BEGIN THE INPUT

lemma Hausdorff_space_X_top: "Hausdorff_space X_top"
  by (simp add: X_top_def Hausdorff_space_prod_topology Hausdorff_space_qadic_topology)

lemma infinite_topspace_X_top: "infinite (topspace X_top)"
  using infinite_qadic finite_cartesian_productD1[of qadic "carrier F"]
  by (auto simp: topspace_X_top)

lemma homeomorphic_maps_X_top_bool_seq:
  assumes "finite (carrier F)"
  obtains T :: "(nat \<Rightarrow> bool) topology" and e d where "homeomorphic_maps X_top T e d"
proof -
  obtain e :: "(nat \<Rightarrow> int) \<times> 'f \<Rightarrow> nat \<Rightarrow> bool" where "inj_on e (UNIV \<times> carrier F)"
    using inj_on_encode_into_bool_seq[OF assms] .
  then have "inj_on e (topspace X_top)"
    by (rule inj_on_subset) (auto simp: topspace_X_top)
  then show ?thesis
    using that homeomorphic_maps_onto_image by blast
qed

lemma group_center_ZF:
  assumes "group_center F = {\<one>\<^bsub>F\<^esub>}"
  shows "group_center ZF = UNIV \<times> {\<one>\<^bsub>F\<^esub>}"
  using group_center_DirProd[OF group.is_monoid[OF group_integer_group] is_monoid]
  by (simp add: assms group_center_integer_group)

lemma iso_ZF_snd_eq_one_iff:
  assumes "group_center F = {\<one>\<^bsub>F\<^esub>}" and \<tau>: "\<tau> \<in> iso ZF ZF" and g: "g \<in> carrier ZF"
  shows "snd (\<tau> g) = \<one>\<^bsub>F\<^esub> \<longleftrightarrow> snd g = \<one>\<^bsub>F\<^esub>"
  using iso_group_center_iff[OF group.is_monoid[OF group_ZF] \<tau> g] group_center_ZF[OF assms(1)] g
  by (cases g, cases "\<tau> g") auto

text \<open>The subsequence of the Z-orbit along the times q^K converges to its starting point, while
  twisting multiplies the F-coordinate by c^(q^K) = c.\<close>

lemma closed_twisted_invariant_mult_right:
  assumes c: "c \<in> carrier F" and periodic: "\<And>K. c [^]\<^bsub>F\<^esub> (q ^ K) = c"
    and C: "closedin X_top C" and invariant: "\<And>n x. x \<in> C \<Longrightarrow> twisted c (n, \<one>\<^bsub>F\<^esub>) x \<in> C"
    and yk: "(y, k) \<in> C"
  shows "(y, k \<otimes>\<^bsub>F\<^esub> c) \<in> C"
proof (rule limitin_closedin[OF _ C])
  have y: "y \<in> qadic" and k: "k \<in> carrier F"
    using closedin_subset[OF C] yk by (auto simp: topspace_X_top)
  show "limitin X_top (\<lambda>K. (qadic_add (int q ^ K) y, k \<otimes>\<^bsub>F\<^esub> c)) (y, k \<otimes>\<^bsub>F\<^esub> c) sequentially"
    using limitin_qadic_add_power[OF y] k c by (simp add: X_top_def limitin_pairwise o_def)
  have "c [^]\<^bsub>F\<^esub> (int q ^ K) = c" for K
    using periodic[of K] int_pow_int[where G=F and x=c and n="q ^ K"] by simp
  then have "(qadic_add (int q ^ K) y, k \<otimes>\<^bsub>F\<^esub> c) = twisted c (int q ^ K, \<one>\<^bsub>F\<^esub>) (y, k)" for K
    using k c by (simp add: twisted_def)
  then show "\<forall>\<^sub>F K in sequentially. (qadic_add (int q ^ K) y, k \<otimes>\<^bsub>F\<^esub> c) \<in> C"
    using invariant[OF yk] by simp
qed simp

lemma conjugacy_image_invariant:
  assumes centerless: "group_center F = {\<one>\<^bsub>F\<^esub>}" and \<tau>: "\<tau> \<in> iso ZF ZF"
    and eq: "\<forall>g \<in> carrier ZF. \<forall>x \<in> topspace X_top. \<phi> (twisted \<one>\<^bsub>F\<^esub> g x) = twisted c (\<tau> g) (\<phi> x)"
    and v: "v \<in> \<phi> ` (qadic \<times> {\<one>\<^bsub>F\<^esub>})"
  shows "twisted c (n, \<one>\<^bsub>F\<^esub>) v \<in> \<phi> ` (qadic \<times> {\<one>\<^bsub>F\<^esub>})"
proof -
  obtain y where y: "y \<in> qadic" and v: "v = \<phi> (y, \<one>\<^bsub>F\<^esub>)"
    using v by blast
  obtain g where g: "g \<in> carrier ZF" "\<tau> g = (n, \<one>\<^bsub>F\<^esub>)"
    using iso_obtain_preimage[OF \<tau>, of "(n, \<one>\<^bsub>F\<^esub>)"] by auto
  then have "snd g = \<one>\<^bsub>F\<^esub>"
    using iso_ZF_snd_eq_one_iff[OF centerless \<tau> g(1)] by simp
  then have "twisted \<one>\<^bsub>F\<^esub> g (y, \<one>\<^bsub>F\<^esub>) = (qadic_add (fst g) y, \<one>\<^bsub>F\<^esub>)"
    by (simp add: twisted_def)
  moreover have "(y, \<one>\<^bsub>F\<^esub>) \<in> topspace X_top"
    using y by (simp add: topspace_X_top)
  then have "\<phi> (twisted \<one>\<^bsub>F\<^esub> g (y, \<one>\<^bsub>F\<^esub>)) = twisted c (n, \<one>\<^bsub>F\<^esub>) v"
    using eq g v by auto
  ultimately show ?thesis
    using qadic_add_in_qadic[OF y] by (metis SigmaI image_eqI singletonI)
qed

lemma not_conjugate_twisted:
  assumes centerless: "group_center F = {\<one>\<^bsub>F\<^esub>}"
    and c: "c \<in> carrier F" "c \<noteq> \<one>\<^bsub>F\<^esub>" and periodic: "\<And>K. c [^]\<^bsub>F\<^esub> (q ^ K) = c"
  shows "\<not> conjugate_actions ZF X_top (twisted \<one>\<^bsub>F\<^esub>) (twisted c)"
proof
  assume "conjugate_actions ZF X_top (twisted \<one>\<^bsub>F\<^esub>) (twisted c)"
  then obtain \<phi> \<tau> where \<phi>: "homeomorphic_map X_top X_top \<phi>" and \<tau>: "\<tau> \<in> iso ZF ZF"
    and eq: "\<forall>g \<in> carrier ZF. \<forall>x \<in> topspace X_top. \<phi> (twisted \<one>\<^bsub>F\<^esub> g x) = twisted c (\<tau> g) (\<phi> x)"
    unfolding conjugate_actions_def by blast
  define U where "U = qadic \<times> {\<one>\<^bsub>F\<^esub>}"
  have U: "U \<subseteq> topspace X_top"
    by (auto simp: U_def topspace_X_top)
  have U_closed: "closedin X_top (\<phi> ` U)"
    using homeomorphic_map_closedness[OF \<phi> U] closedin_topspace[of qadic_topology]
    by (simp add: U_def X_top_def closedin_prod_Times_iff topspace_qadic_topology)
  define u0 where "u0 = ((\<lambda>_::nat. 0::int), \<one>\<^bsub>F\<^esub>)"
  have u0: "u0 \<in> U"
    by (simp add: u0_def U_def zero_in_qadic)
  obtain y k where yk: "\<phi> u0 = (y, k)"
    by (metis surj_pair)
  have "\<phi> u0 \<in> topspace X_top"
    using homeomorphic_imp_continuous_map[OF \<phi>] continuous_map_image_subset_topspace u0 U by blast
  then have y: "y \<in> qadic" and k: "k \<in> carrier F"
    using yk by (auto simp: topspace_X_top)
  have "(y, k) \<in> \<phi> ` U"
    using u0 yk by (metis image_eqI)
  then have "(y, k \<otimes>\<^bsub>F\<^esub> c) \<in> \<phi> ` U"
    using closed_twisted_invariant_mult_right[OF c(1) periodic U_closed]
      conjugacy_image_invariant[OF centerless \<tau> eq] by (simp add: U_def)
  then obtain u1 where u1: "u1 \<in> U" "\<phi> u1 = (y, k \<otimes>\<^bsub>F\<^esub> c)"
    by (metis imageE)
  define h where "h = k \<otimes>\<^bsub>F\<^esub> c \<otimes>\<^bsub>F\<^esub> inv\<^bsub>F\<^esub> k"
  have h: "h \<in> carrier F" "h \<otimes>\<^bsub>F\<^esub> k = k \<otimes>\<^bsub>F\<^esub> c"
    using k c by (simp_all add: h_def m_assoc)
  obtain g where g: "g \<in> carrier ZF" "\<tau> g = (0, h)"
    using iso_obtain_preimage[OF \<tau>, of "(0, h)"] h(1) by auto
  have "\<phi> (twisted \<one>\<^bsub>F\<^esub> g u0) = twisted c (0, h) (y, k)"
    using eq g u0 U yk by auto
  also have "\<dots> = \<phi> u1"
    using h k y u1 c by (simp add: twisted_def qadic_add_0)
  finally have "twisted \<one>\<^bsub>F\<^esub> g u0 = u1"
    using homeomorphic_imp_injective_map[OF \<phi>] u1 U u0
      continuous_action_in_topspace[OF continuous_action_twisted[OF one_closed] g(1)]
    by (meson inj_onD subsetD)
  then have "snd g = \<one>\<^bsub>F\<^esub>"
    using u1 g by (auto simp: U_def u0_def twisted_def)
  then have "h = \<one>\<^bsub>F\<^esub>"
    using iso_ZF_snd_eq_one_iff[OF centerless \<tau> g(1)] g(2) by simp
  then show False
    using h k c by simp
qed

end

theorem theorem1p1:
  fixes F :: "('f, 'm) monoid_scheme"
  assumes "group F"
    and "finite (carrier F)"
    and "carrier F \<noteq> {\<one>\<^bsub>F\<^esub>}"
    and "group_center F = {\<one>\<^bsub>F\<^esub>}"
  shows "\<exists>(T :: (nat \<Rightarrow> bool) topology) \<alpha> \<alpha>'.
           infinite (topspace T) \<and> compact_space T \<and> Hausdorff_space T \<and>
           continuous_action (integer_group \<times>\<times> F) T \<alpha> \<and>
           continuous_action (integer_group \<times>\<times> F) T \<alpha>' \<and>
           free_action (integer_group \<times>\<times> F) T \<alpha> \<and>
           free_action (integer_group \<times>\<times> F) T \<alpha>' \<and>
           minimal_action (integer_group \<times>\<times> F) T \<alpha> \<and>
           minimal_action (integer_group \<times>\<times> F) T \<alpha>' \<and>
           cont_orbit_equiv (integer_group \<times>\<times> F) T \<alpha> (integer_group \<times>\<times> F) T \<alpha>' \<and>
           \<not> conjugate_actions (integer_group \<times>\<times> F) T \<alpha> \<alpha>'"
proof -
  interpret F: group F
    by (rule assms(1))
  have one: "\<one>\<^bsub>F\<^esub> \<in> carrier F"
    by simp
  obtain c where c: "c \<in> carrier F" "c \<noteq> \<one>\<^bsub>F\<^esub>"
    using assms(3) one by blast
  interpret twisted_odometer "Suc (order F)" F
    using assms(2) c(1) by unfold_locales (auto simp: order_def Suc_le_eq card_gt_0_iff)
  obtain T :: "(nat \<Rightarrow> bool) topology" and e d where h: "homeomorphic_maps X_top T e d"
    using homeomorphic_maps_X_top_bool_seq[OF assms(2)] .
  let ?\<alpha> = "\<lambda>g x. e (twisted \<one>\<^bsub>F\<^esub> g (d x))" and ?\<alpha>' = "\<lambda>g x. e (twisted c g (d x))"
  have "\<not> conjugate_actions ZF T ?\<alpha> ?\<alpha>'"
    using conjugate_actions_transport_back[OF h continuous_action_twisted[OF c(1)]]
      not_conjugate_twisted[OF assms(4) c F.pow_Suc_order_power[OF c(1)]] by blast
  moreover have "infinite (topspace T)" "compact_space T" "Hausdorff_space T"
    using infinite_topspace_transport[OF h infinite_topspace_X_top] h homeomorphic_space_def
      homeomorphic_compact_space homeomorphic_Hausdorff_space compact_space_X_top[OF assms(2)]
      Hausdorff_space_X_top by blast+
  moreover have "continuous_action ZF T ?\<alpha>" "continuous_action ZF T ?\<alpha>'"
    by (rule continuous_action_transport[OF h continuous_action_twisted], fact)+
  moreover have "free_action ZF T ?\<alpha>" "free_action ZF T ?\<alpha>'"
    by (rule free_action_transport[OF h continuous_action_twisted free_action_twisted], fact+)+
  moreover have "minimal_action ZF T ?\<alpha>" "minimal_action ZF T ?\<alpha>'"
    by (rule minimal_action_transport[OF h continuous_action_twisted minimal_action_twisted], fact+)+
  moreover have "cont_orbit_equiv ZF T ?\<alpha> ZF T ?\<alpha>'"
    by (rule cont_orbit_equiv_transport[OF h continuous_action_twisted continuous_action_twisted
        cont_orbit_equiv_twisted], fact+)
  ultimately show ?thesis
    by blast
qed

end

END THE INPUT

▸ **EXERCISE OBJECTIVE**
Copy every line from the records above that contains the string "otimes".

▸ **YOUR SOLUTION**
  shows "(y, k \<otimes>\<^bsub>F\<^esub> c) \<in> C"
  show "limitin X_top (\<lambda>K. (qadic_add (int q ^ K) y, k \<otimes>\<^bsub>F\<^esub> c)) (y, k \<otimes>\<^bsub>F\<^esub> c) sequentially"
  then have "(qadic_add (int q ^ K) y, k \<otimes>\<^bsub>F\<^esub> c) = twisted c (int q ^ K, \<one>\<^bsub>F\<^esub>) (y, k)" for K
  then show "\<forall>\<^sub>F K in sequentially. (qadic_add (int q ^ K) y, k \<otimes>\<^bsub>F\<^esub> c) \<in> C"
  then have "(y, k \<otimes>\<^bsub>F\<^esub> c) \<in> \<phi> ` U"
  then obtain u1 where u1: "u1 \<in> U" "\<phi> u1 = (y, k \<otimes>\<^bsub>F\<^esub> c)"
  define h where "h = k \<otimes>\<^bsub>F\<^esub> c \<otimes>\<^bsub>F\<^esub> inv\<^bsub>F\<^esub> k"
  have h: "h \<in> carrier F" "h \<otimes>\<^bsub>F\<^esub> k = k \<otimes>\<^bsub>F\<^esub> c"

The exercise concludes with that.